*WHAT IS REQUIRED:* Repeat the lines from the line with "text \<open>A \<open>\<rho>\<close>-maximal" to the line with "by (rule diam_plus_cong)" in the listing below, keeping both end lines and adding nothing.

++++++

lemma (in monoid) sumset_pow_stabilizes:
  assumes fin: "finite (carrier G)" and A: "A \<subseteq> carrier G"
  shows "\<exists>n. sumset_pow G A (Suc n) = sumset_pow G A n"
proof (rule ccontr)
  let ?P = "sumset_pow G A"
  assume "\<nexists>n. ?P (Suc n) = ?P n"
  then have strict: "?P n \<subset> ?P (Suc n)" for n using sumset_pow_Suc_mono[OF A] by blast
  have fin_P: "finite (?P n)" for n using sumset_pow_carrier[OF A] fin finite_subset by blast
  have "n \<le> card (?P n)" for n
  proof (induction n)
    case (Suc n)
    have "card (?P n) < card (?P (Suc n))" by (rule psubset_card_mono[OF fin_P strict])
    with Suc.IH show ?case by linarith
  qed simp
  moreover have "card (?P n) \<le> card (carrier G)" for n
    using sumset_pow_carrier[OF A] fin card_mono by blast
  ultimately have "Suc (card (carrier G)) \<le> card (carrier G)" by (meson order_trans)
  then show False by simp
qed

lemma diam_plus_cong:
  assumes "\<And>n. sumset_pow G A n = carrier G \<longleftrightarrow> sumset_pow G' B n = carrier G'"
  shows "diam_plus G A = diam_plus G' B"
  using assms unfolding diam_plus_def by simp

lemma diam_plus_finite_iff: "diam_plus G A < \<infinity> \<longleftrightarrow> (\<exists>r. sumset_pow G A r = carrier G)"
  unfolding diam_plus_def by simp

lemma diam_plus_le:
  assumes "sumset_pow G A r = carrier G" shows "diam_plus G A \<le> enat r"
  using assms unfolding diam_plus_def by (auto intro: Least_le)

lemma (in monoid) diam_plus_finite_mono:
  assumes AC: "A \<subseteq> C" and C: "C \<subseteq> carrier G" and fin: "diam_plus G A < \<infinity>"
  shows "diam_plus G C < \<infinity>"
proof -
  obtain r where r: "sumset_pow G A r = carrier G" using fin unfolding diam_plus_finite_iff ..
  have "sumset_pow G C r = carrier G"
  proof (rule subset_antisym)
    show "sumset_pow G C r \<subseteq> carrier G" by (rule sumset_pow_carrier[OF C])
    show "carrier G \<subseteq> sumset_pow G C r" using sumset_pow_mono[OF AC, of G r] r by simp
  qed
  then show ?thesis unfolding diam_plus_finite_iff ..
qed

lemma (in monoid) diam_plus_carrier: "diam_plus G (carrier G) \<le> enat 1"
proof -
  have "zero_ext G (carrier G) = carrier G" by (auto simp: zero_ext_def)
  then have "sumset_pow G (carrier G) 1 = {\<one>} <#> carrier G" by (simp add: One_nat_def)
  also have "\<dots> = carrier G"
  proof
    show "{\<one>} <#> carrier G \<subseteq> carrier G" by (auto simp: set_mult_def)
    show "carrier G \<subseteq> {\<one>} <#> carrier G"
    proof
      fix x assume "x \<in> carrier G"
      then have "\<one> \<otimes> x \<in> {\<one>} <#> carrier G" and "\<one> \<otimes> x = x" by (auto simp: set_mult_def)
      then show "x \<in> {\<one>} <#> carrier G" by simp
    qed
  qed
  finally show ?thesis by (rule diam_plus_le)
qed

subsection \<open>Periods, and finite diameter versus generation\<close>

lemma (in group) period_subgroup:
  assumes C: "C \<subseteq> carrier G" shows "subgroup (period G C) G"
proof (rule subgroupI)
  show "period G C \<subseteq> carrier G" unfolding period_def by blast
  show "period G C \<noteq> {}" using C unfolding period_def by (auto intro!: exI[of _ \<one>])
  fix a b assume a: "a \<in> period G C" and b: "b \<in> period G C"
  then have ac: "a \<in> carrier G" "C #> a = C" and bc: "b \<in> carrier G" "C #> b = C"
    unfolding period_def by auto
  have "C #> inv a = (C #> a) #> inv a" using ac by simp
  also have "\<dots> = C" using C ac(1) by (simp add: coset_mult_assoc)
  finally show "inv a \<in> period G C" using ac unfolding period_def by simp
  have "C #> (a \<otimes> b) = (C #> a) #> b" using C ac(1) bc(1) by (simp add: coset_mult_assoc)
  then show "a \<otimes> b \<in> period G C" using ac bc unfolding period_def by simp
qed

lemma (in group) period_of_right_stable:
  assumes P: "finite P" "P \<subseteq> carrier G" and a: "a \<in> carrier G" and stable: "P #> a \<subseteq> P"
  shows "a \<in> period G P"
proof -
  have "card (P #> a) = card P" using card_rcosets_equal[OF rcosetsI[OF P(2) a] P(2)] by simp
  then have "P #> a = P" using card_subset_eq[OF P(1) stable] by simp
  then show ?thesis using a unfolding period_def by simp
qed

lemma (in group) sumset_pow_subset_generate:
  assumes A: "A \<subseteq> carrier G" shows "sumset_pow G A n \<subseteq> generate G A"
proof (induction n)
  case 0 then show ?case by (simp add: generate.one)
next
  case (Suc n)
  show ?case
  proof
    fix x assume "x \<in> sumset_pow G A (Suc n)"
    then obtain y z where "y \<in> sumset_pow G A n" "z \<in> zero_ext G A" "x = y \<otimes> z"
      by (auto simp: set_mult_def)
    then show "x \<in> generate G A" using Suc
      by (auto simp: zero_ext_def intro: generate.eng generate.incl generate.one)
  qed
qed

text \<open>In a finite group a set has finite diameter if and only if it generates the group:
  once the sumsets become stationary, the last one is stable under right translation by \<open>A\<close>,
  so its period contains \<open>\<langle>A\<rangle>\<close>.\<close>
lemma (in group) finite_diam_iff_generate:
  assumes fin: "finite (carrier G)" and A: "A \<subseteq> carrier G"
  shows "diam_plus G A < \<infinity> \<longleftrightarrow> generate G A = carrier G"
proof
  assume "diam_plus G A < \<infinity>"
  then obtain r where "sumset_pow G A r = carrier G" unfolding diam_plus_finite_iff ..
  then show "generate G A = carrier G"
    using sumset_pow_subset_generate[OF A, of r] generate_incl[OF A] by blast
next
  assume gen: "generate G A = carrier G"
  obtain n where n: "sumset_pow G A (Suc n) = sumset_pow G A n"
    using sumset_pow_stabilizes[OF fin A] ..
  define P where "P = sumset_pow G A n"
  have Pc: "P \<subseteq> carrier G" unfolding P_def by (rule sumset_pow_carrier[OF A])
  have Pfin: "finite P" using Pc fin finite_subset by blast
  have "A \<subseteq> period G P"
  proof
    fix a assume a: "a \<in> A"
    then have "P #> a \<subseteq> P <#> zero_ext G A" by (auto simp: r_coset_def set_mult_def zero_ext_def)
    then have "P #> a \<subseteq> P" using n unfolding P_def by simp
    with a A show "a \<in> period G P" using period_of_right_stable[OF Pfin Pc] by blast
  qed
  then have per: "carrier G \<subseteq> period G P"
    using generate_subgroup_incl[OF _ period_subgroup[OF Pc]] gen by metis
  have one: "\<one> \<in> P" unfolding P_def by (rule one_in_sumset_pow[OF A])
  have "carrier G \<subseteq> P"
  proof
    fix g assume g: "g \<in> carrier G"
    then have "P #> g = P" using per unfolding period_def by auto
    with rcosI[OF one Pc g] g show "g \<in> P" by simp
  qed
  then have "sumset_pow G A n = carrier G" using Pc unfolding P_def by blast
  then show "diam_plus G A < \<infinity>" unfolding diam_plus_finite_iff ..
qed

subsection \<open>\<open>\<rho>\<close>-maximal sets\<close>

text \<open>A \<open>\<rho>\<close>-maximal set contains \<open>\<one>\<close>, since adjoining \<open>\<one>\<close> does not change the diameter.\<close>
lemma (in monoid) one_in_rho_maximal:
  assumes "rho_maximal G \<rho> A" shows "\<one> \<in> A"
proof (rule ccontr)
  assume "\<one> \<notin> A"
  then have larger: "A \<subset> zero_ext G A" by (auto simp: zero_ext_def)
  have sub: "zero_ext G A \<subseteq> carrier G" using assms by (auto simp: zero_ext_def rho_maximal_def)
  have "diam_plus G (zero_ext G A) = diam_plus G A"
    by (rule diam_plus_cong) (simp add: sumset_pow_zero_ext)
  then have "enat \<rho> \<le> diam_plus G (zero_ext G A)" using assms unfolding rho_maximal_def by simp
  with larger sub show False using assms unfolding rho_maximal_def by blast
qed

lemma exists_rho_maximal_superset:
  assumes fin: "finite (carrier G)" and A: "A \<subseteq> carrier G" "enat \<rho> \<le> diam_plus G A"
  shows "\<exists>C. A \<subseteq> C \<and> rho_maximal G \<rho> C"
proof -
  define Cands where "Cands = {C. A \<subseteq> C \<and> C \<subseteq> carrier G \<and> enat \<rho> \<le> diam_plus G C}"
  have "finite Cands" unfolding Cands_def using fin by (auto intro: finite_subset[of _ "Pow (carrier G)"])
  moreover have "A \<in> Cands" unfolding Cands_def using A by auto
  ultimately obtain C where C: "C \<in> Cands" and maximal: "\<And>D. D \<in> Cands \<Longrightarrow> C \<subseteq> D \<Longrightarrow> C = D"
    using finite_has_maximal[of Cands] by blast
  have "rho_maximal G \<rho> C"
    unfolding rho_maximal_def
  proof (intro conjI allI impI)
    show "C \<subseteq> carrier G" "enat \<rho> \<le> diam_plus G C" using C unfolding Cands_def by auto
    fix D assume "C \<subset> D \<and> D \<subseteq> carrier G"
    then show "\<not> enat \<rho> \<le> diam_plus G D" using C maximal unfolding Cands_def by blast
  qed
  then show ?thesis using C unfolding Cands_def by blast
qed

text \<open>For \<open>\<rho> \<ge> 2\<close> the period of a \<open>\<rho>\<close>-maximal set is a proper subgroup: otherwise the
  set (which contains \<open>\<one>\<close>) would be the whole group, of diameter at most \<open>1\<close>.\<close>
lemma (in group) period_rho_maximal_proper:
  assumes max: "rho_maximal G \<rho> C" and rho: "2 \<le> \<rho>"
  shows "period G C \<noteq> carrier G"
proof
  assume full: "period G C = carrier G"
  have C: "C \<subseteq> carrier G" and one: "\<one> \<in> C"
    using max one_in_rho_maximal[OF max] unfolding rho_maximal_def by auto
  have "carrier G \<subseteq> C"
  proof
    fix g assume g: "g \<in> carrier G"
    then have "C #> g = C" using full unfolding period_def by auto
    with rcosI[OF one C g] g show "g \<in> C" by simp
  qed
  then have "C = carrier G" using C by (rule subset_antisym[rotated])
  then have "enat \<rho> \<le> enat 1"
    using max diam_plus_carrier unfolding rho_maximal_def by (blast intro: order_trans)
  with rho show False by simp
qed

subsection \<open>Quotients and unions of cosets\<close>

lemma carrier_Mod_eq:
  fixes G (structure) shows "carrier (G Mod H) = rcosets H"
  by (simp add: FactGroup_def)

lemma (in group) finite_carrier_Mod:
  "subgroup H G \<Longrightarrow> finite (carrier G) \<Longrightarrow> finite (carrier (G Mod H))"
  unfolding carrier_Mod_eq using rcosets_subset_PowG by (metis finite_Pow_iff finite_subset)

++++++

*WRITTEN SOLUTION:*
text \<open>A \<open>\<rho>\<close>-maximal set contains \<open>\<one>\<close>, since adjoining \<open>\<one>\<close> does not change the diameter.\<close>
lemma (in monoid) one_in_rho_maximal:
  assumes "rho_maximal G \<rho> A" shows "\<one> \<in> A"
proof (rule ccontr)
  assume "\<one> \<notin> A"
  then have larger: "A \<subset> zero_ext G A" by (auto simp: zero_ext_def)
  have sub: "zero_ext G A \<subseteq> carrier G" using assms by (auto simp: zero_ext_def rho_maximal_def)
  have "diam_plus G (zero_ext G A) = diam_plus G A"
    by (rule diam_plus_cong) (simp add: sumset_pow_zero_ext)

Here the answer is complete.